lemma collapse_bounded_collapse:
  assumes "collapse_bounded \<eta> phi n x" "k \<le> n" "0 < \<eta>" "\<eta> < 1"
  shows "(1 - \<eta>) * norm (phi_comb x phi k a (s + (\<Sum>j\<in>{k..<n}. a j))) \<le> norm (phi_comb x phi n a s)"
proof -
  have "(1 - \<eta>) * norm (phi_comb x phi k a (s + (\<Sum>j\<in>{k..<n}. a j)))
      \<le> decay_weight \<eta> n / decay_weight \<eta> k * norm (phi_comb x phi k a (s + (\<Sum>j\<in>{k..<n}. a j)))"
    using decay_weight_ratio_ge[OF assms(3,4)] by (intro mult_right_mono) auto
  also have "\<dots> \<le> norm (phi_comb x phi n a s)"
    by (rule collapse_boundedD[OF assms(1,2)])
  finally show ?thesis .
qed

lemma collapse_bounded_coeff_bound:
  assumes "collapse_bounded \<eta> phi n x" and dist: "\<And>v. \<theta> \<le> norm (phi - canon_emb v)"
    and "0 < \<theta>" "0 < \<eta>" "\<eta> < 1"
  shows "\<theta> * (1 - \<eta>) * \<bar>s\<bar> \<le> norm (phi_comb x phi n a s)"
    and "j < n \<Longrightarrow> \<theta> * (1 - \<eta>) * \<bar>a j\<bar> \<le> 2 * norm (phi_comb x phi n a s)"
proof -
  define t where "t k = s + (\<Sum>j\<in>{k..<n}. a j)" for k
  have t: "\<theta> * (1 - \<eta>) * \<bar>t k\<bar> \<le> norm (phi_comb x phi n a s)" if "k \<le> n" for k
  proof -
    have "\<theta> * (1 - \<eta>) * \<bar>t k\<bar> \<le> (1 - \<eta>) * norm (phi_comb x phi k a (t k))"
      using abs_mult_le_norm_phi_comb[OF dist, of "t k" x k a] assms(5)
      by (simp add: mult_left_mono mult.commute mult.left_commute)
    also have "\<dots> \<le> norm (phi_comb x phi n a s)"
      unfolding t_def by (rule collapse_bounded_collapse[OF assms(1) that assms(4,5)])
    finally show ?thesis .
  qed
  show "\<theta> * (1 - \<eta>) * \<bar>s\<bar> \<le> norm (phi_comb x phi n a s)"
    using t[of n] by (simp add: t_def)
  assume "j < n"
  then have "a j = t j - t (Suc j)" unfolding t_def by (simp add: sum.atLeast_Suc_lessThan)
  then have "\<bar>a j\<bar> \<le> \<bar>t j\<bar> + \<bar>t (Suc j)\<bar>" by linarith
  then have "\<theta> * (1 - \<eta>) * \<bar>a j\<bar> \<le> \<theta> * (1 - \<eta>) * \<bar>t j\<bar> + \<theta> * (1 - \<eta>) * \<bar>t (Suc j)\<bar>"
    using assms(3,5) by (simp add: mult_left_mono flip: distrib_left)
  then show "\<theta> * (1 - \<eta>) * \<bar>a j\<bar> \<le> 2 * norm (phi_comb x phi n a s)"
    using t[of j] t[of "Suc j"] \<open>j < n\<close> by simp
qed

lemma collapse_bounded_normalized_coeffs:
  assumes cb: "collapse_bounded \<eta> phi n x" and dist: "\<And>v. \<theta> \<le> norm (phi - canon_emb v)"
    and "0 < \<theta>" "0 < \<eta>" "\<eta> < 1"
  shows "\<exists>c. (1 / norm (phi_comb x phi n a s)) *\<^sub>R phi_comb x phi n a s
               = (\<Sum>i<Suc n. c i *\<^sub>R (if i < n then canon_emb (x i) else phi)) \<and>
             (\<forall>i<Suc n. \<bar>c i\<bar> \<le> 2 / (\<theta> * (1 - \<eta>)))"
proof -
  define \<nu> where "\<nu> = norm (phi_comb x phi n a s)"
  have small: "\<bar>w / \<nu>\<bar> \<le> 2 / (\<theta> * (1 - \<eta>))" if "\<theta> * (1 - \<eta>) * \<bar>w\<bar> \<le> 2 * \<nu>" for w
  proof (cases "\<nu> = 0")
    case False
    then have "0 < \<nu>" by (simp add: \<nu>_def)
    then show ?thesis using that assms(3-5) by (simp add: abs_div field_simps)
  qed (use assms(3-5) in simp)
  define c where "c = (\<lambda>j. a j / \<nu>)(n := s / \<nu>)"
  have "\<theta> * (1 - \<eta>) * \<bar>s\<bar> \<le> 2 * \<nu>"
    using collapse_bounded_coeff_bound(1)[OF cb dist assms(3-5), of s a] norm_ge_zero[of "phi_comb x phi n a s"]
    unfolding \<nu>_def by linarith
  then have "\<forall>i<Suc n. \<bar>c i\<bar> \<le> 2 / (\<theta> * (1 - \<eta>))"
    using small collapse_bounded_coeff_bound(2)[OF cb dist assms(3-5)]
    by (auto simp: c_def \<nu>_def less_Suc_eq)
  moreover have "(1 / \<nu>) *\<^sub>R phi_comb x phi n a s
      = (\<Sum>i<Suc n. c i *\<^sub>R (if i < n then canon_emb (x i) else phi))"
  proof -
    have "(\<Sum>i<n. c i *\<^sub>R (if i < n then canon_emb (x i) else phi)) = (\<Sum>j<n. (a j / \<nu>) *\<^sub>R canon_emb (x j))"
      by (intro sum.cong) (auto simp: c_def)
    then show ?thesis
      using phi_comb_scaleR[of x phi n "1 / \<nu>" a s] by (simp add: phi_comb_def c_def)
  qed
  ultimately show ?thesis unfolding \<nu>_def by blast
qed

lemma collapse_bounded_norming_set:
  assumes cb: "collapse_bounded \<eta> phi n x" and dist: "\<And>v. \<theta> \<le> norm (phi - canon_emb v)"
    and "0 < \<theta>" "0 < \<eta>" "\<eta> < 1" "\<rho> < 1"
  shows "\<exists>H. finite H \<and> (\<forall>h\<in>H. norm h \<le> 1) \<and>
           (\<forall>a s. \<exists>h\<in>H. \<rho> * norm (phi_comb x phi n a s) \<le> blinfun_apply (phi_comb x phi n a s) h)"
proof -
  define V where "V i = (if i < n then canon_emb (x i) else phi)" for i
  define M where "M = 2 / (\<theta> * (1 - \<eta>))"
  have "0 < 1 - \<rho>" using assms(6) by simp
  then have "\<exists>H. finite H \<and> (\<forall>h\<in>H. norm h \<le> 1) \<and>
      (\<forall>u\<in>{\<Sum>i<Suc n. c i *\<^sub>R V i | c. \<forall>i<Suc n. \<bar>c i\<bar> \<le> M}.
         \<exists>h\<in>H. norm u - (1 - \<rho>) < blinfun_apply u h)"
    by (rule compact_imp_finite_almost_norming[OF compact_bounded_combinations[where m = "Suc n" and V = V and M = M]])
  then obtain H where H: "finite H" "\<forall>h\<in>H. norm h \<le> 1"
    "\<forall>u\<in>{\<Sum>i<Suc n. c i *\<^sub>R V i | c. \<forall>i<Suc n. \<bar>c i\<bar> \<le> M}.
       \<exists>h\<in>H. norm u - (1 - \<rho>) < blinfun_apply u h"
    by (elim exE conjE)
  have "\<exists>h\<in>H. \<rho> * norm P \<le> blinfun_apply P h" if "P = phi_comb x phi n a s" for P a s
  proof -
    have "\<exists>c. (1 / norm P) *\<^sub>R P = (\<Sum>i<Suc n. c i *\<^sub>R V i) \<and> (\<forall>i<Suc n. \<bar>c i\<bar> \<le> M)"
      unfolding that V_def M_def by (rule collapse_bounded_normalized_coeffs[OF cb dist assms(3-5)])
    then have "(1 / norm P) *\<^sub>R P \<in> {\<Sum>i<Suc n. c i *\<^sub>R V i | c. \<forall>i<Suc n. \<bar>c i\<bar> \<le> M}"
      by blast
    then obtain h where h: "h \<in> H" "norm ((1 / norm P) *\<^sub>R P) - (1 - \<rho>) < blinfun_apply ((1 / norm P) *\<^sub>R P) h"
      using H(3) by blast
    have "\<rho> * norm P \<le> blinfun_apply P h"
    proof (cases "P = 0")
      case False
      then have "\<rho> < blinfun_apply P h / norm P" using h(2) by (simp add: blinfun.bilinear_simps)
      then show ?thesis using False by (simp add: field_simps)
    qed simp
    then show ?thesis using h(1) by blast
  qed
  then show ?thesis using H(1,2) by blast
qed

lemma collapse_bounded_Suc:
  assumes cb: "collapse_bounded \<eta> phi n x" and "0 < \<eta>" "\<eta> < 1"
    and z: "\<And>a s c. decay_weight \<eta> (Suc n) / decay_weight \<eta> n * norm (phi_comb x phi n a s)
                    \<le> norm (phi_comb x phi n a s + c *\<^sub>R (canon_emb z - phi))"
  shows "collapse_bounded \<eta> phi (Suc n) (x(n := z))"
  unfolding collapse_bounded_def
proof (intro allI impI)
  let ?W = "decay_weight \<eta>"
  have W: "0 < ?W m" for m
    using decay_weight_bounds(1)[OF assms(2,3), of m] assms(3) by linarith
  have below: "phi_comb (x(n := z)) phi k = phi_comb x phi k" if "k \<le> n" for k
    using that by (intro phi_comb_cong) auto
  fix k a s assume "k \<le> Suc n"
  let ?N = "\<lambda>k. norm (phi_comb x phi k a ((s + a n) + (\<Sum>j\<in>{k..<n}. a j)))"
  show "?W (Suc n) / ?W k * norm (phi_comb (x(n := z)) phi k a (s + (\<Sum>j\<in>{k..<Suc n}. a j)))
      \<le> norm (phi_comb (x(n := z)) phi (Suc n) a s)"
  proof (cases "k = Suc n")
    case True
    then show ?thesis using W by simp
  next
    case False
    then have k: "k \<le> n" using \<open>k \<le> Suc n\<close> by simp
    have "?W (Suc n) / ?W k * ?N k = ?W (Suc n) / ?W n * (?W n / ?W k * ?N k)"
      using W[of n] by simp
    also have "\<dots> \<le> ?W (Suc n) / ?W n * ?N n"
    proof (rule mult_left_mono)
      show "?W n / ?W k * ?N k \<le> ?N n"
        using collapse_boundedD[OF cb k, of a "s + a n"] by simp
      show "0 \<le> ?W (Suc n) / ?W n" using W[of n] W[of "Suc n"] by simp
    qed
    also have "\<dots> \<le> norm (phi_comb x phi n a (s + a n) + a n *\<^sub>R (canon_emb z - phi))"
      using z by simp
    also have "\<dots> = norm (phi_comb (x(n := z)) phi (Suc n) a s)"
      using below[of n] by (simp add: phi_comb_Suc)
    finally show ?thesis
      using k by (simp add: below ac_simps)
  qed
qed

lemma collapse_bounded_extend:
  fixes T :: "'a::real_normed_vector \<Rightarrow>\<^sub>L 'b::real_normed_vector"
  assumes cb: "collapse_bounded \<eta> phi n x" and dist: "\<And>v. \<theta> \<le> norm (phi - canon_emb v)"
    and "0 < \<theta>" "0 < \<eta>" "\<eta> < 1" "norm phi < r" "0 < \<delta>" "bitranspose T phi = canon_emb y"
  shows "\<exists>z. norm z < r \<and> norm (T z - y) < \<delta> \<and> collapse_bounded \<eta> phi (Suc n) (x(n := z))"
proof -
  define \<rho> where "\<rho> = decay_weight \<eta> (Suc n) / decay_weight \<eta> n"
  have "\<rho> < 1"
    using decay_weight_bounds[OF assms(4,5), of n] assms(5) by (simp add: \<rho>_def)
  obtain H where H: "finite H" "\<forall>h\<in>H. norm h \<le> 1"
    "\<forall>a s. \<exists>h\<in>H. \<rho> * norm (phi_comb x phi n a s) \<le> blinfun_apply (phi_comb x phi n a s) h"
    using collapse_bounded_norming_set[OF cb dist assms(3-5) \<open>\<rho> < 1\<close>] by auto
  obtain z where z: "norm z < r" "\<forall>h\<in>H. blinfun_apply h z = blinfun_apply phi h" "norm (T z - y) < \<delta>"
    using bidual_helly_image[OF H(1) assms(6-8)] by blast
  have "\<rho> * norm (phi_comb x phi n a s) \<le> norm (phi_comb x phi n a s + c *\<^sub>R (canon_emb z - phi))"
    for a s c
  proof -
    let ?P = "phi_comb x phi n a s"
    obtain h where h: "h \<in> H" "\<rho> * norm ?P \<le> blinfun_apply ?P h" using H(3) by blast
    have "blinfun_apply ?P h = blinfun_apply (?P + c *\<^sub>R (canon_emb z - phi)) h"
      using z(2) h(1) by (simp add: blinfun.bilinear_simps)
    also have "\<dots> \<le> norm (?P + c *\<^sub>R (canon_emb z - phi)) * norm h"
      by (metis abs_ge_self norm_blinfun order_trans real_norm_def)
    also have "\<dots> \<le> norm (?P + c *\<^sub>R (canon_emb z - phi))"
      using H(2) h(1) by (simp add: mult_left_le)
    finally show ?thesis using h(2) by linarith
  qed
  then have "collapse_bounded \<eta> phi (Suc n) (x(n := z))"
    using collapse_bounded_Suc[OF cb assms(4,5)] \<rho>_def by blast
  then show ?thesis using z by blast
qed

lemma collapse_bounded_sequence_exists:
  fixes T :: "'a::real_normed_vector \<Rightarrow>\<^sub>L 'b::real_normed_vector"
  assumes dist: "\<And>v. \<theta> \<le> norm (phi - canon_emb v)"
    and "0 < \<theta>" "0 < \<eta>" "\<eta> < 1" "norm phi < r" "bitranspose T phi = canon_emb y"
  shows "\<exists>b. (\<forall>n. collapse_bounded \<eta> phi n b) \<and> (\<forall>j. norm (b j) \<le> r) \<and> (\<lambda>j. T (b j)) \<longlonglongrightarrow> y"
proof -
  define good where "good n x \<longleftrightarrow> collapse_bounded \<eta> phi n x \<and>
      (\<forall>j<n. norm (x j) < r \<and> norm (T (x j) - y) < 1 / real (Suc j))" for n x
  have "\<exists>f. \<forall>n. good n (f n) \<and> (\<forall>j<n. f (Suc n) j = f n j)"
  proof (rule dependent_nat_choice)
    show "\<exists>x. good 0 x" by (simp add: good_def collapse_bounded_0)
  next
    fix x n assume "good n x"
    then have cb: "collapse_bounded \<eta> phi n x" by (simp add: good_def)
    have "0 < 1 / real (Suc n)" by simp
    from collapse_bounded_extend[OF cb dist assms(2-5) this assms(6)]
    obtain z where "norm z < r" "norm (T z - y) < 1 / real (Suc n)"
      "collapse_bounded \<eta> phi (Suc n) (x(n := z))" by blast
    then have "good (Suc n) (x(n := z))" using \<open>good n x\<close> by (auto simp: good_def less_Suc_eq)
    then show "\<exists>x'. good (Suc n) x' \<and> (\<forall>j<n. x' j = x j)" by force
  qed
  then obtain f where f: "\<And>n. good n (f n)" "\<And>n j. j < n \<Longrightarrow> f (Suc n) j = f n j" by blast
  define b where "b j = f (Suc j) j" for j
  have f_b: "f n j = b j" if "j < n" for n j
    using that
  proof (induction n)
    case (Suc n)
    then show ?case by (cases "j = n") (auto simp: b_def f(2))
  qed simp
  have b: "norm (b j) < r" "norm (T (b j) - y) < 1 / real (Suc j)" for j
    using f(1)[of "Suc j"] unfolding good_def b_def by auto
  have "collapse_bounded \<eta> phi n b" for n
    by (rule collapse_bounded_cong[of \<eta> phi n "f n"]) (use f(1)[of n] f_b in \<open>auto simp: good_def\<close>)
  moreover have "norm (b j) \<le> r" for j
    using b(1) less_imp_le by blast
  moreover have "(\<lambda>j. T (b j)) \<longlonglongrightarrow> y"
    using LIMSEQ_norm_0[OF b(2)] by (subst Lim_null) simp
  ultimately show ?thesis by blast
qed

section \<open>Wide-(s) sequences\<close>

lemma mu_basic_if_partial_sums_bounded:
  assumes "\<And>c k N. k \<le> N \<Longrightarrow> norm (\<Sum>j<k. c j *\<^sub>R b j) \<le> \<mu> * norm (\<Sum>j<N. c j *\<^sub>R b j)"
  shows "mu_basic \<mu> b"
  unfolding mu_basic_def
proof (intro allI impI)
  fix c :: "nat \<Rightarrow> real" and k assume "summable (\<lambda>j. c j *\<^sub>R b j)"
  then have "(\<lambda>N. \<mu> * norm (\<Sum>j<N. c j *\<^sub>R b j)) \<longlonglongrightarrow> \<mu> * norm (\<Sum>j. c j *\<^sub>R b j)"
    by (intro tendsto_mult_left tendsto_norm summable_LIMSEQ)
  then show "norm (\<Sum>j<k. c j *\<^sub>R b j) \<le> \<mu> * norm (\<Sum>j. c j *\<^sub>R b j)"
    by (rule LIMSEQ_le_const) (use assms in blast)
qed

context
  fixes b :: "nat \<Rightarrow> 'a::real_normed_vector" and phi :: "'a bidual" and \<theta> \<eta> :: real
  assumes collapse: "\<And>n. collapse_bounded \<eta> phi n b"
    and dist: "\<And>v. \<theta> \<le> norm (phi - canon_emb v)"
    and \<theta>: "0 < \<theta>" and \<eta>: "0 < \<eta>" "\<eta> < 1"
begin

———

Beginning at the line that contains "unfolding mu_basic_def", transcribe every line through the end of the material exactly, leaving out all earlier lines.

  unfolding mu_basic_def
proof (intro allI impI)
  fix c :: "nat \<Rightarrow> real" and k assume "summable (\<lambda>j. c j *\<^sub>R b j)"
  then have "(\<lambda>N. \<mu> * norm (\<Sum>j<N. c j *\<^sub>R b j)) \<longlonglongrightarrow> \<mu> * norm (\<Sum>j. c j *\<^sub>R b j)"
    by (intro tendsto_mult_left tendsto_norm summable_LIMSEQ)
  then show "norm (\<Sum>j<k. c j *\<^sub>R b j) \<le> \<mu> * norm (\<Sum>j. c j *\<^sub>R b j)"
    by (rule LIMSEQ_le_const) (use assms in blast)
qed

context
  fixes b :: "nat \<Rightarrow> 'a::real_normed_vector" and phi :: "'a bidual" and \<theta> \<eta> :: real
  assumes collapse: "\<And>n. collapse_bounded \<eta> phi n b"
    and dist: "\<And>v. \<theta> \<le> norm (phi - canon_emb v)"
    and \<theta>: "0 < \<theta>" and \<eta>: "0 < \<eta>" "\<eta> < 1"
begin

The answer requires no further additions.